■ Activity:
Lines from the first one down to the one containing "C p1 u \<in>" in the data below are the only ones needed; please return them exactly, both ends included.

■ Stored items from a collection:
------------------------------------------------

lemma product_mediator:
  assumes "is_product C A B P p1 p2" "q1 \<in> hom C Q A" "q2 \<in> hom C Q B"
  obtains u where "u \<in> hom C Q P" "Cmp C p1 u = q1" "Cmp C p2 u = q2"
  using assms unfolding is_product_def by blast

lemma product_mediator_unique:
  assumes pr: "is_product C A B P p1 p2" and "u \<in> hom C Q P" "u' \<in> hom C Q P"
    and "Cmp C p1 u = Cmp C p1 u'" "Cmp C p2 u = Cmp C p2 u'"
  shows "u = u'"
proof -
  have "Cmp C p1 u \<in> hom C Q A" "Cmp C p2 u \<in> hom C Q B"
    using comp_in_hom[OF assms(2) product_projections(1)[OF pr]]
      comp_in_hom[OF assms(2) product_projections(2)[OF pr]] .
  then have "\<exists>!v. v \<in> hom C Q P \<and> Cmp C p1 v = Cmp C p1 u \<and> Cmp C p2 v = Cmp C p2 u"
    using pr unfolding is_product_def by blast
  with assms show ?thesis by metis
qed

lemma product_maps_inverse:
  assumes p: "is_product C A B P p1 p2" and q: "is_product C A B' P' q1 q2"
    and m: "m \<in> hom C B B'" and n: "n \<in> hom C B' B" "Cmp C n m = Idt C B"
    and k: "k \<in> hom C P P'" "Cmp C q1 k = p1" "Cmp C q2 k = Cmp C m p2"
    and k': "k' \<in> hom C P' P" "Cmp C p1 k' = q1" "Cmp C p2 k' = Cmp C n q2"
  shows "Cmp C k' k = Idt C P"
proof (rule product_mediator_unique[OF p comp_in_hom[OF k(1) k'(1)] id_in_hom[OF hom_dom_in_Ob[OF k(1)]]])
  note hp = product_projections[OF p] and hq = product_projections[OF q]
  show "Cmp C p1 (Cmp C k' k) = Cmp C p1 (Idt C P)"
    using comp_assoc_hom[OF k(1) k'(1) hp(1)] k k' hp by (simp add: hom_def)
  have "Cmp C p2 (Cmp C k' k) = Cmp C n (Cmp C q2 k)"
    using comp_assoc_hom[OF k(1) k'(1) hp(2)] comp_assoc_hom[OF k(1) hq(2) n(1)]
      k'(3) by simp
  also have "\<dots> = p2"
    using comp_assoc_hom[OF hp(2) m n(1)] k(3) n(2) hp by (simp add: hom_def)
  finally show "Cmp C p2 (Cmp C k' k) = Cmp C p2 (Idt C P)"
    using hp by (simp add: hom_def)
qed

lemma product_iso_over_first:
  assumes p: "is_product C A B P p1 p2" and q: "is_product C A B' P' q1 q2"
    and m: "m \<in> hom C B B'" "is_iso C m"
  obtains k where "k \<in> hom C P P'" "is_iso C k" "Cmp C q1 k = p1"
proof -
  note hp = product_projections[OF p] and hq = product_projections[OF q]
  obtain n where n: "n \<in> hom C B' B" "Cmp C n m = Idt C B" "Cmp C m n = Idt C B'"
    using iso_inverse[OF m(2,1)] .
  obtain k where k: "k \<in> hom C P P'" "Cmp C q1 k = p1" "Cmp C q2 k = Cmp C m p2"
    using product_mediator[OF q hp(1) comp_in_hom[OF hp(2) m(1)]] .
  obtain k' where k': "k' \<in> hom C P' P" "Cmp C p1 k' = q1" "Cmp C p2 k' = Cmp C n q2"
    using product_mediator[OF p hq(1) comp_in_hom[OF hq(2) n(1)]] .
  have "is_iso C k"
    using isoI[OF k(1) k'(1) product_maps_inverse[OF p q m(1) n(1,2) k k']
        product_maps_inverse[OF q p n(1) m(1) n(3) k' k]] .
  with k show thesis using that by blast
qed

end

section \<open>Unit-cartesian arrows of a pointed endofunctor\<close>

lemma functor_hom: "is_functor C D F \<Longrightarrow> f \<in> hom C A B \<Longrightarrow> FA F f \<in> hom D (FO F A) (FO F B)"
  unfolding is_functor_def by blast

lemma functor_comp:
  "is_functor C D F \<Longrightarrow> f \<in> hom C A B \<Longrightarrow> g \<in> hom C B B' \<Longrightarrow>
   FA F (Cmp C g f) = Cmp D (FA F g) (FA F f)"
  unfolding is_functor_def hom_def by auto

lemma functor_id: "is_functor C D F \<Longrightarrow> A \<in> Ob C \<Longrightarrow> FA F (Idt C A) = Idt D (FO F A)"
  unfolding is_functor_def by auto

lemma functor_Ob: "is_functor C D F \<Longrightarrow> A \<in> Ob C \<Longrightarrow> FO F A \<in> Ob D"
  unfolding is_functor_def by blast

lemma functor_fcomp:
  assumes F: "is_functor C D F" and G: "is_functor D E G"
  shows "is_functor C E (fcomp G F)"
proof -
  have "FA G (FA F (Cmp C g f)) = Cmp E (FA G (FA F g)) (FA G (FA F f))"
    if "f \<in> Ar C" "g \<in> Ar C" "Cod C f = Dom C g" for f g
  proof -
    have "f \<in> hom C (Dom C f) (Cod C f)" "g \<in> hom C (Cod C f) (Cod C g)"
      using that by (simp_all add: hom_def)
    then show ?thesis
      using functor_comp[OF F] functor_comp[OF G] functor_hom[OF F] by metis
  qed
  with F G show ?thesis
    unfolding is_functor_def fcomp_def by simp
qed

locale pointed_endofunctor = cat D for D :: "('o,'a) category" +
  fixes T :: "('o,'a,'o,'a) cfunctor" and \<eta> :: "'o \<Rightarrow> 'a"
  assumes endofunctor: "is_functor D D T"
    and unit_natural: "is_nat_trans D D (id_functor D) T \<eta>"
begin

lemma unit_in_hom: "A \<in> Ob D \<Longrightarrow> \<eta> A \<in> hom D A (FO T A)"
  using unit_natural unfolding is_nat_trans_def id_functor_def by auto

lemma unit_square: "f \<in> hom D A B \<Longrightarrow> Cmp D (\<eta> B) f = Cmp D (FA T f) (\<eta> A)"
  using unit_natural unfolding is_nat_trans_def id_functor_def hom_def by auto

lemma unit_square_comp:
  assumes g: "g \<in> hom D A B" and u: "u \<in> hom D Q A"
  shows "Cmp D (\<eta> B) (Cmp D g u) = Cmp D (FA T g) (Cmp D (\<eta> A) u)"
  using comp_assoc_hom[OF u g unit_in_hom[OF hom_cod_in_Ob[OF g]]] unit_square[OF g]
    comp_assoc_hom[OF u unit_in_hom[OF hom_dom_in_Ob[OF g]] functor_hom[OF endofunctor g]]
  by simp

definition unit_cartesian :: "'a \<Rightarrow> bool" where
  "unit_cartesian g \<longleftrightarrow> is_pullback D (\<eta> (Cod D g)) (FA T g) (Dom D g) g (\<eta> (Dom D g))"

lemma unit_cartesianI:
  assumes g: "g \<in> hom D A B"
    and ex: "\<And>Q x y. x \<in> hom D Q B \<Longrightarrow> y \<in> hom D Q (FO T A) \<Longrightarrow>
      Cmp D (\<eta> B) x = Cmp D (FA T g) y \<Longrightarrow> \<exists>u\<in>hom D Q A. Cmp D g u = x \<and> Cmp D (\<eta> A) u = y"
    and uniq: "\<And>Q u u'. u \<in> hom D Q A \<Longrightarrow> u' \<in> hom D Q A \<Longrightarrow>
      Cmp D g u = Cmp D g u' \<Longrightarrow> Cmp D (\<eta> A) u = Cmp D (\<eta> A) u' \<Longrightarrow> u = u'"
  shows "unit_cartesian g"
proof -
  have A: "A \<in> Ob D" and B: "B \<in> Ob D" using g by (auto simp: hom_def)
  note hom_facts = g unit_in_hom[OF A] unit_in_hom[OF B] functor_hom[OF endofunctor g]
  show ?thesis
    unfolding unit_cartesian_def is_pullback_def
  proof (intro conjI allI impI)
    fix Q x y assume "x \<in> hom D Q (Dom D (\<eta> (Cod D g)))" "y \<in> hom D Q (Dom D (FA T g))"
      "Cmp D (\<eta> (Cod D g)) x = Cmp D (FA T g) y"
    then have "x \<in> hom D Q B" "y \<in> hom D Q (FO T A)" "Cmp D (\<eta> B) x = Cmp D (FA T g) y"
      using hom_facts by (simp_all add: hom_def)
    then show "\<exists>!u. u \<in> hom D Q (Dom D g) \<and> Cmp D g u = x \<and> Cmp D (\<eta> (Dom D g)) u = y"
      using ex uniq g by (simp add: hom_def) metis
  qed (use hom_facts unit_square[OF g] in \<open>simp_all add: hom_def\<close>)
qed

lemma unit_cartesian_pullback:
  "g \<in> hom D A B \<Longrightarrow> unit_cartesian g \<longleftrightarrow> is_pullback D (\<eta> B) (FA T g) A g (\<eta> A)"
  unfolding unit_cartesian_def hom_def by auto

lemma unit_cartesian_mediator:
  assumes "unit_cartesian g" and g: "g \<in> hom D A B" and "x \<in> hom D Q B" "y \<in> hom D Q (FO T A)"
    and sq: "Cmp D (\<eta> B) x = Cmp D (FA T g) y"
  obtains u where "u \<in> hom D Q A" "Cmp D g u = x" "Cmp D (\<eta> A) u = y"
proof -
  have "x \<in> hom D Q (Dom D (\<eta> B))" "y \<in> hom D Q (Dom D (FA T g))"
    using assms unit_in_hom[OF hom_cod_in_Ob[OF g]] functor_hom[OF endofunctor g]
    by (simp_all add: hom_def)
  with pullback_mediator[OF _ _ _ sq] that assms show thesis
    by (metis unit_cartesian_pullback)
qed

lemma unit_cartesian_unique:
  assumes "unit_cartesian g" "g \<in> hom D A B" "u \<in> hom D Q A" "u' \<in> hom D Q A"
    "Cmp D g u = Cmp D g u'" "Cmp D (\<eta> A) u = Cmp D (\<eta> A) u'"
  shows "u = u'"
  using pullback_mediator_unique[of "\<eta> B" "FA T g" A g "\<eta> A"] assms
  by (auto simp: unit_cartesian_pullback)

lemma iso_unit_cartesian:
  assumes k: "k \<in> hom D A B" "is_iso D k"
  shows "unit_cartesian k"
proof -
  obtain k' where k': "k' \<in> hom D B A" "Cmp D k' k = Idt D A" "Cmp D k k' = Idt D B"
    using iso_inverse[OF k(2,1)] .
  have A: "A \<in> Ob D" and B: "B \<in> Ob D" using k(1) by (auto simp: hom_def)
  have Tk: "FA T k \<in> hom D (FO T A) (FO T B)" and Tk': "FA T k' \<in> hom D (FO T B) (FO T A)"
    using functor_hom[OF endofunctor] k(1) k'(1) by auto
  have TkTk: "Cmp D (FA T k') (FA T k) = Idt D (FO T A)"
    using functor_comp[OF endofunctor k(1) k'(1)] functor_id[OF endofunctor A] k'(2) by simp
  show ?thesis
  proof (rule unit_cartesianI[OF k(1)])
    fix Q x y assume x: "x \<in> hom D Q B" and y: "y \<in> hom D Q (FO T A)"
      and sq: "Cmp D (\<eta> B) x = Cmp D (FA T k) y"
    have "Cmp D k (Cmp D k' x) = x"
      using comp_assoc_hom[OF x k'(1) k(1)] k'(3) x by (simp add: hom_def)
    moreover have "Cmp D (\<eta> A) (Cmp D k' x) = y"
    proof -
      have "Cmp D (\<eta> A) (Cmp D k' x) = Cmp D (FA T k') (Cmp D (\<eta> B) x)"
        using comp_assoc_hom[OF x k'(1) unit_in_hom[OF A]] unit_square[OF k'(1)]
          comp_assoc_hom[OF x unit_in_hom[OF B] Tk'] by simp
      also have "\<dots> = y"
        using sq comp_assoc_hom[OF y Tk Tk'] TkTk y by (simp add: hom_def)
      finally show ?thesis .
    qed
    ultimately show "\<exists>u\<in>hom D Q A. Cmp D k u = x \<and> Cmp D (\<eta> A) u = y"
      using comp_in_hom[OF x k'(1)] by blast
  next
    fix Q u u' assume u: "u \<in> hom D Q A" and u': "u' \<in> hom D Q A" and eq: "Cmp D k u = Cmp D k u'"
    have "Cmp D (Cmp D k' k) u = Cmp D (Cmp D k' k) u'"
      using comp_assoc_hom[OF u k(1) k'(1)] comp_assoc_hom[OF u' k(1) k'(1)] eq by simp
    then show "u = u'"
      using k'(2) u u' by (simp add: hom_def)
  qed
qed

lemma unit_cartesian_comp:
  assumes g: "g \<in> hom D A B" and h: "h \<in> hom D B C"
    and "unit_cartesian g" "unit_cartesian h"
  shows "unit_cartesian (Cmp D h g)"
proof (rule unit_cartesianI[OF comp_in_hom[OF g h]])
  have Tg: "FA T g \<in> hom D (FO T A) (FO T B)" using functor_hom[OF endofunctor g] .
  fix Q x y assume x: "x \<in> hom D Q C" and y: "y \<in> hom D Q (FO T A)"
    and sq: "Cmp D (\<eta> C) x = Cmp D (FA T (Cmp D h g)) y"
  have "Cmp D (\<eta> C) x = Cmp D (FA T h) (Cmp D (FA T g) y)"
    using sq functor_comp[OF endofunctor g h] comp_assoc_hom[OF y Tg functor_hom[OF endofunctor h]]
    by simp
  then obtain v where v: "v \<in> hom D Q B" "Cmp D h v = x" "Cmp D (\<eta> B) v = Cmp D (FA T g) y"
    using unit_cartesian_mediator[OF \<open>unit_cartesian h\<close> h x comp_in_hom[OF y Tg]] by blast
  then obtain u where u: "u \<in> hom D Q A" "Cmp D g u = v" "Cmp D (\<eta> A) u = y"
    using unit_cartesian_mediator[OF \<open>unit_cartesian g\<close> g _ y] by blast
  show "\<exists>u\<in>hom D Q A. Cmp D (Cmp D h g) u = x \<and> Cmp D (\<eta> A) u = y"
    using u v comp_assoc_hom[OF u(1) g h] by auto
next
  fix Q u u' assume u: "u \<in> hom D Q A" and u': "u' \<in> hom D Q A"
    and eq: "Cmp D (Cmp D h g) u = Cmp D (Cmp D h g) u'" and eta: "Cmp D (\<eta> A) u = Cmp D (\<eta> A) u'"
  have "Cmp D (\<eta> B) (Cmp D g u) = Cmp D (\<eta> B) (Cmp D g u')"
    using unit_square_comp[OF g u] unit_square_comp[OF g u'] eta by simp
  then have "Cmp D g u = Cmp D g u'"
    using unit_cartesian_unique[OF \<open>unit_cartesian h\<close> h comp_in_hom[OF u g] comp_in_hom[OF u' g]]
      eq comp_assoc_hom[OF u g h] comp_assoc_hom[OF u' g h] by simp
  then show "u = u'"
    using unit_cartesian_unique[OF \<open>unit_cartesian g\<close> g u u' _ eta] by simp
qed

------------------------------------------------

■ Exercise response:
lemma product_mediator:
  assumes "is_product C A B P p1 p2" "q1 \<in> hom C Q A" "q2 \<in> hom C Q B"
  obtains u where "u \<in> hom C Q P" "Cmp C p1 u = q1" "Cmp C p2 u = q2"
  using assms unfolding is_product_def by blast

lemma product_mediator_unique:
  assumes pr: "is_product C A B P p1 p2" and "u \<in> hom C Q P" "u' \<in> hom C Q P"
    and "Cmp C p1 u = Cmp C p1 u'" "Cmp C p2 u = Cmp C p2 u'"
  shows "u = u'"
proof -
  have "Cmp C p1 u \<in> hom C Q A" "Cmp C p2 u \<in> hom C Q B"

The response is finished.